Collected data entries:
lemma exists_norming_functional:
  fixes x0 :: "'a::real_normed_vector"
  shows "\<exists>f. linear f \<and> (\<forall>v. \<bar>f v\<bar> \<le> norm v) \<and> f x0 = norm x0"
proof -
  obtain M where M: "dominated_graph x0 M" and total: "fst ` M = UNIV"
    using exists_total_dominated_graph by blast
  note M_facts = dominated_graphD[OF M]
  define f where "f v = (THE r. (v, r) \<in> M)" for v
  have graph: "(v, r) \<in> M \<longleftrightarrow> f v = r" for v r
  proof -
    obtain s where s: "(v, s) \<in> M" using total by (metis UNIV_I fst_conv imageE prod.collapse)
    then have "(v, f v) \<in> M"
      unfolding f_def by (rule theI) (use s M_facts(4) in blast)
    then show ?thesis using M_facts(4) by blast
  qed
  have on_graph: "(v, f v) \<in> M" for v
    using graph by blast
  have "linear f"
  proof (rule linearI)
    show "f (v + w) = f v + f w" for v w
      using M_facts(2)[OF on_graph on_graph] graph by blast
    show "f (c *\<^sub>R v) = c *\<^sub>R f v" for c v
      using M_facts(3)[OF on_graph] graph by simp
  qed
  moreover have "\<bar>f v\<bar> \<le> norm v" for v
    using M_facts(5)[OF on_graph] linear_neg[OF \<open>linear f\<close>, of v]
    by (metis abs_le_iff minus_le_iff norm_minus_cancel)
  moreover have "f x0 = norm x0"
    using M_facts(6) graph by blast
  ultimately show ?thesis by blast
qed

section \<open>The l_p norm of a pair of reals\<close>

definition rnorm2 :: "real \<Rightarrow> real \<Rightarrow> real \<Rightarrow> real" where
  "rnorm2 r a b = (a powr r + b powr r) powr (1 / r)"

definition pnorm2 :: "ereal \<Rightarrow> real \<Rightarrow> real \<Rightarrow> real" where
  "pnorm2 p a b = (if p = \<infinity> then max a b else rnorm2 (real_of_ereal p) a b)"

lemma psum_norm_pnorm2: "psum_norm p v = pnorm2 p (norm (fst v)) (norm (snd v))"
  unfolding psum_norm_def pnorm2_def rnorm2_def by simp

lemma real_of_ereal_ge_1: "1 \<le> p \<Longrightarrow> p \<noteq> \<infinity> \<Longrightarrow> 1 \<le> real_of_ereal p"
  by (cases p) auto

lemma real_of_ereal_gt_1: "1 < p \<Longrightarrow> p \<noteq> \<infinity> \<Longrightarrow> 1 < real_of_ereal p"
  by (cases p) auto

lemma rnorm2_commute: "rnorm2 r a b = rnorm2 r b a"
  unfolding rnorm2_def by (simp add: add.commute)

lemma rnorm2_nonneg: "0 \<le> rnorm2 r a b"
  unfolding rnorm2_def by simp

lemma rnorm2_ge_left:
  assumes "1 \<le> r" "0 \<le> a" "0 \<le> b"
  shows "a \<le> rnorm2 r a b"
proof -
  have "a = (a powr r) powr (1 / r)" using assms by (simp add: powr_powr)
  also have "\<dots> \<le> rnorm2 r a b" unfolding rnorm2_def using assms by (intro powr_mono2) auto
  finally show ?thesis .
qed

lemma rnorm2_zero_right: "1 \<le> r \<Longrightarrow> 0 \<le> a \<Longrightarrow> rnorm2 r a 0 = a"
  unfolding rnorm2_def by (simp add: powr_powr)

lemma rnorm2_mono:
  "1 \<le> r \<Longrightarrow> 0 \<le> a \<Longrightarrow> a \<le> a' \<Longrightarrow> 0 \<le> b \<Longrightarrow> b \<le> b' \<Longrightarrow> rnorm2 r a b \<le> rnorm2 r a' b'"
  unfolding rnorm2_def by (intro powr_mono2 add_mono) auto

lemma rnorm2_homogeneous:
  assumes "1 \<le> r" "0 \<le> c" "0 \<le> a" "0 \<le> b"
  shows "rnorm2 r (c * a) (c * b) = c * rnorm2 r a b"
proof -
  have "(c * a) powr r + (c * b) powr r = c powr r * (a powr r + b powr r)"
    using assms by (simp add: powr_mult algebra_simps)
  then have "rnorm2 r (c * a) (c * b) = (c powr r) powr (1 / r) * rnorm2 r a b"
    unfolding rnorm2_def using assms by (simp add: powr_mult)
  also have "(c powr r) powr (1 / r) = c" using assms by (simp add: powr_powr)
  finally show ?thesis .
qed

lemma rnorm2_powr: "1 \<le> r \<Longrightarrow> rnorm2 r a b powr r = a powr r + b powr r"
  unfolding rnorm2_def by (simp add: powr_powr)

text \<open>The norming functional of (s1, s2) for the l_r norm is (s1^(r-1), s2^(r-1)); that it has
  dual norm 1 is Young's inequality with the conjugate exponent r/(r-1).\<close>

lemma rnorm2_norming_dual_pair:
  assumes r: "1 < r" and s: "0 \<le> s1" "0 \<le> s2" "rnorm2 r s1 s2 = 1"
  shows "\<exists>a b. 0 \<le> a \<and> 0 \<le> b \<and> a * s1 + b * s2 = 1 \<and>
           (\<forall>c d. 0 \<le> c \<longrightarrow> 0 \<le> d \<longrightarrow> a * c + b * d \<le> rnorm2 r c d)"
proof -
  define q where "q = r / (r - 1)"
  have q: "1 < q" "1 / r + 1 / q = 1" "(r - 1) * q = r"
    using r unfolding q_def by (auto simp: field_simps)
  define a where "a = s1 powr (r - 1)"
  define b where "b = s2 powr (r - 1)"
  have s_sum: "s1 powr r + s2 powr r = 1"
    using rnorm2_powr[of r s1 s2] r s by simp
  have ab_powr: "a powr q + b powr q = 1"
    using s_sum unfolding a_def b_def by (simp add: powr_powr q(3))
  have "a * s1 = s1 powr r" "b * s2 = s2 powr r"
    using s r unfolding a_def b_def by (auto simp: powr_diff)
  then have "a * s1 + b * s2 = 1" using s_sum by simp
  moreover have "a * c + b * d \<le> rnorm2 r c d" if cd: "0 \<le> c" "0 \<le> d" for c d
  proof (cases "rnorm2 r c d = 0")
    case True
    then have "c = 0" "d = 0"
      using rnorm2_ge_left[of r c d] rnorm2_ge_left[of r d c] r cd by (auto simp: rnorm2_commute)
    then show ?thesis using True by simp
  next
    case False
    define L where "L = rnorm2 r c d"
    have L: "0 < L" using False rnorm2_nonneg[of r c d] unfolding L_def by linarith
    have L_powr: "c powr r + d powr r = L powr r"
      using rnorm2_powr[of r c d] r unfolding L_def by simp
    have "(c / L) powr r + (d / L) powr r = (c powr r + d powr r) / L powr r"
      using L cd by (simp add: powr_divide add_divide_distrib)
    also have "\<dots> = 1"
      using L unfolding L_powr by simp
    finally have cd_powr: "(c / L) powr r + (d / L) powr r = 1" .
    have "a * (c / L) \<le> a powr q / q + (c / L) powr r / r"
      "b * (d / L) \<le> b powr q / q + (d / L) powr r / r"
      using Youngs_inequality[of q r a "c / L"] Youngs_inequality[of q r b "d / L"] q r L cd
      unfolding a_def b_def by (simp_all add: add.commute)
    then have "a * (c / L) + b * (d / L) \<le> (a powr q + b powr q) / q + ((c / L) powr r + (d / L) powr r) / r"
      by (simp add: add_divide_distrib)
    also have "\<dots> = 1" using ab_powr cd_powr q(2) by simp
    finally have "(a * c + b * d) / L \<le> 1" by (simp add: add_divide_distrib)
    then show ?thesis using L unfolding L_def by (simp add: divide_le_eq)
  qed
  moreover have "0 \<le> a" "0 \<le> b" unfolding a_def b_def by simp_all
  ultimately show ?thesis by blast
qed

▶ WHAT YOU ARE ASKED TO DO: Reproduce the entries above in full, so that each one reads exactly as before.

▶ ANSWER FOR THIS EXERCISE:
lemma exists_norming_functional:
  fixes x0 :: "'a::real_normed_vector"
  shows "\<exists>f. linear f \<and> (\<forall>v. \<bar>f v\<bar> \<le> norm v) \<and> f x0 = norm x0"
proof -
  obtain M where M: "dominated_graph x0 M" and total: "fst ` M = UNIV"
    using exists_total_dominated_graph by blast
  note M_facts = dominated_graphD[OF M]
  define f where "f v = (THE r. (v, r) \<in> M)" for v
  have graph: "(v, r) \<in> M \<longleftrightarrow> f v = r" for v r
  proof -
    obtain s where s: "(v, s) \<in> M" using total by (metis UNIV_I fst_conv imageE prod.collapse)
    then have "(v, f v) \<in> M"
      unfolding f_def by (rule theI) (use s M_facts(4) in blast)
    then show ?thesis using M_facts(4) by blast
  qed
  have on_graph: "(v, f v) \<in> M" for v
    using graph by blast
  have "linear f"
  proof (rule linearI)
    show "f (v + w) = f v + f w" for v w
      using M_facts(2)[OF on_graph on_graph] graph by blast
    show "f (c *\<^sub>R v) = c *\<^sub>R f v" for c v
      using M_facts(3)[OF on_graph] graph by simp
  qed
  moreover have "\<bar>f v\<bar> \<le> norm v" for v
    using M_facts(5)[OF on_graph] linear_neg[OF \<open>linear f\<close>, of v]
    by (metis abs_le_iff minus_le_iff norm_minus_cancel)
  moreover have "f x0 = norm x0"
    using M_facts(6) graph by blast
  ultimately show ?thesis by blast
qed

section \<open>The l_p norm of a pair of reals\<close>

definition rnorm2 :: "real \<Rightarrow> real \<Rightarrow> real \<Rightarrow> real" where
  "rnorm2 r a b = (a powr r + b powr r) powr (1 / r)"

definition pnorm2 :: "ereal \<Rightarrow> real \<Rightarrow> real \<Rightarrow> real" where
  "pnorm2 p a b = (if p = \<infinity> then max a b else rnorm2 (real_of_ereal p) a b)"

lemma psum_norm_pnorm2: "psum_norm p v = pnorm2 p (norm (fst v)) (norm (snd v))"
  unfolding psum_norm_def pnorm2_def rnorm2_def by simp

lemma real_of_ereal_ge_1: "1 \<le> p \<Longrightarrow> p \<noteq> \<infinity> \<Longrightarrow> 1 \<le> real_of_ereal p"
  by (cases p) auto

lemma real_of_ereal_gt_1: "1 < p \<Longrightarrow> p \<noteq> \<infinity> \<Longrightarrow> 1 < real_of_ereal p"
  by (cases p) auto

lemma rnorm2_commute: "rnorm2 r a b = rnorm2 r b a"
  unfolding rnorm2_def by (simp add: add.commute)

lemma rnorm2_nonneg: "0 \<le> rnorm2 r a b"
  unfolding rnorm2_def by simp

lemma rnorm2_ge_left:
  assumes "1 \<le> r" "0 \<le> a" "0 \<le> b"
  shows "a \<le> rnorm2 r a b"
proof -
  have "a = (a powr r) powr (1 / r)" using assms by (simp add: powr_powr)
  also have "\<dots> \<le> rnorm2 r a b" unfolding rnorm2_def using assms by (intro powr_mono2) auto
  finally show ?thesis .
qed

lemma rnorm2_zero_right: "1 \<le> r \<Longrightarrow> 0 \<le> a \<Longrightarrow> rnorm2 r a 0 = a"
  unfolding rnorm2_def by (simp add: powr_powr)

lemma rnorm2_mono:
  "1 \<le> r \<Longrightarrow> 0 \<le> a \<Longrightarrow> a \<le> a' \<Longrightarrow> 0 \<le> b \<Longrightarrow> b \<le> b' \<Longrightarrow> rnorm2 r a b \<le> rnorm2 r a' b'"
  unfolding rnorm2_def by (intro powr_mono2 add_mono) auto

lemma rnorm2_homogeneous:
  assumes "1 \<le> r" "0 \<le> c" "0 \<le> a" "0 \<le> b"
  shows "rnorm2 r (c * a) (c * b) = c * rnorm2 r a b"
proof -
  have "(c * a) powr r + (c * b) powr r = c powr r * (a powr r + b powr r)"
    using assms by (simp add: powr_mult algebra_simps)
  then have "rnorm2 r (c * a) (c * b) = (c powr r) powr (1 / r) * rnorm2 r a b"
    unfolding rnorm2_def using assms by (simp add: powr_mult)
  also have "(c powr r) powr (1 / r) = c" using assms by (simp add: powr_powr)
  finally show ?thesis .
qed

lemma rnorm2_powr: "1 \<le> r \<Longrightarrow> rnorm2 r a b powr r = a powr r + b powr r"
  unfolding rnorm2_def by (simp add: powr_powr)

text \<open>The norming functional of (s1, s2) for the l_r norm is (s1^(r-1), s2^(r-1)); that it has
  dual norm 1 is Young's inequality with the conjugate exponent r/(r-1).\<close>

lemma rnorm2_norming_dual_pair:
  assumes r: "1 < r" and s: "0 \<le> s1" "0 \<le> s2" "rnorm2 r s1 s2 = 1"
  shows "\<exists>a b. 0 \<le> a \<and> 0 \<le> b \<and> a * s1 + b * s2 = 1 \<and>
           (\<forall>c d. 0 \<le> c \<longrightarrow> 0 \<le> d \<longrightarrow> a * c + b * d \<le> rnorm2 r c d)"
proof -
  define q where "q = r / (r - 1)"
  have q: "1 < q" "1 / r + 1 / q = 1" "(r - 1) * q = r"
    using r unfolding q_def by (auto simp: field_simps)
  define a where "a = s1 powr (r - 1)"
  define b where "b = s2 powr (r - 1)"
  have s_sum: "s1 powr r + s2 powr r = 1"
    using rnorm2_powr[of r s1 s2] r s by simp
  have ab_powr: "a powr q + b powr q = 1"
    using s_sum unfolding a_def b_def by (simp add: powr_powr q(3))
  have "a * s1 = s1 powr r" "b * s2 = s2 powr r"
    using s r unfolding a_def b_def by (auto simp: powr_diff)
  then have "a * s1 + b * s2 = 1" using s_sum by simp
  moreover have "a * c + b * d \<le> rnorm2 r c d" if cd: "0 \<le> c" "0 \<le> d" for c d
  proof (cases "rnorm2 r c d = 0")
    case True
    then have "c = 0" "d = 0"
      using rnorm2_ge_left[of r c d] rnorm2_ge_left[of r d c] r cd by (auto simp: rnorm2_commute)
    then show ?thesis using True by simp
  next
    case False
    define L where "L = rnorm2 r c d"
    have L: "0 < L" using False rnorm2_nonneg[of r c d] unfolding L_def by linarith
    have L_powr: "c powr r + d powr r = L powr r"
      using rnorm2_powr[of r c d] r unfolding L_def by simp
    have "(c / L) powr r + (d / L) powr r = (c powr r + d powr r) / L powr r"
      using L cd by (simp add: powr_divide add_divide_distrib)
    also have "\<dots> = 1"
      using L unfolding L_powr by simp
    finally have cd_powr: "(c / L) powr r + (d / L) powr r = 1" .
    have "a * (c / L) \<le> a powr q / q + (c / L) powr r / r"
      "b * (d / L) \<le> b powr q / q + (d / L) powr r / r"
      using Youngs_inequality[of q r a "c / L"] Youngs_inequality[of q r b "d / L"] q r L cd
      unfolding a_def b_def by (simp_all add: add.commute)
    then have "a * (c / L) + b * (d / L) \<le> (a powr q + b powr q) / q + ((c / L) powr r + (d / L) powr r) / r"
      by (simp add: add_divide_distrib)
    also have "\<dots> = 1" using ab_powr cd_powr q(2) by simp
    finally have "(a * c + b * d) / L \<le> 1" by (simp add: add_divide_distrib)
    then show ?thesis using L unfolding L_def by (simp add: divide_le_eq)
  qed
  moreover have "0 \<le> a" "0 \<le> b" unfolding a_def b_def by simp_all
  ultimately show ?thesis by blast
qed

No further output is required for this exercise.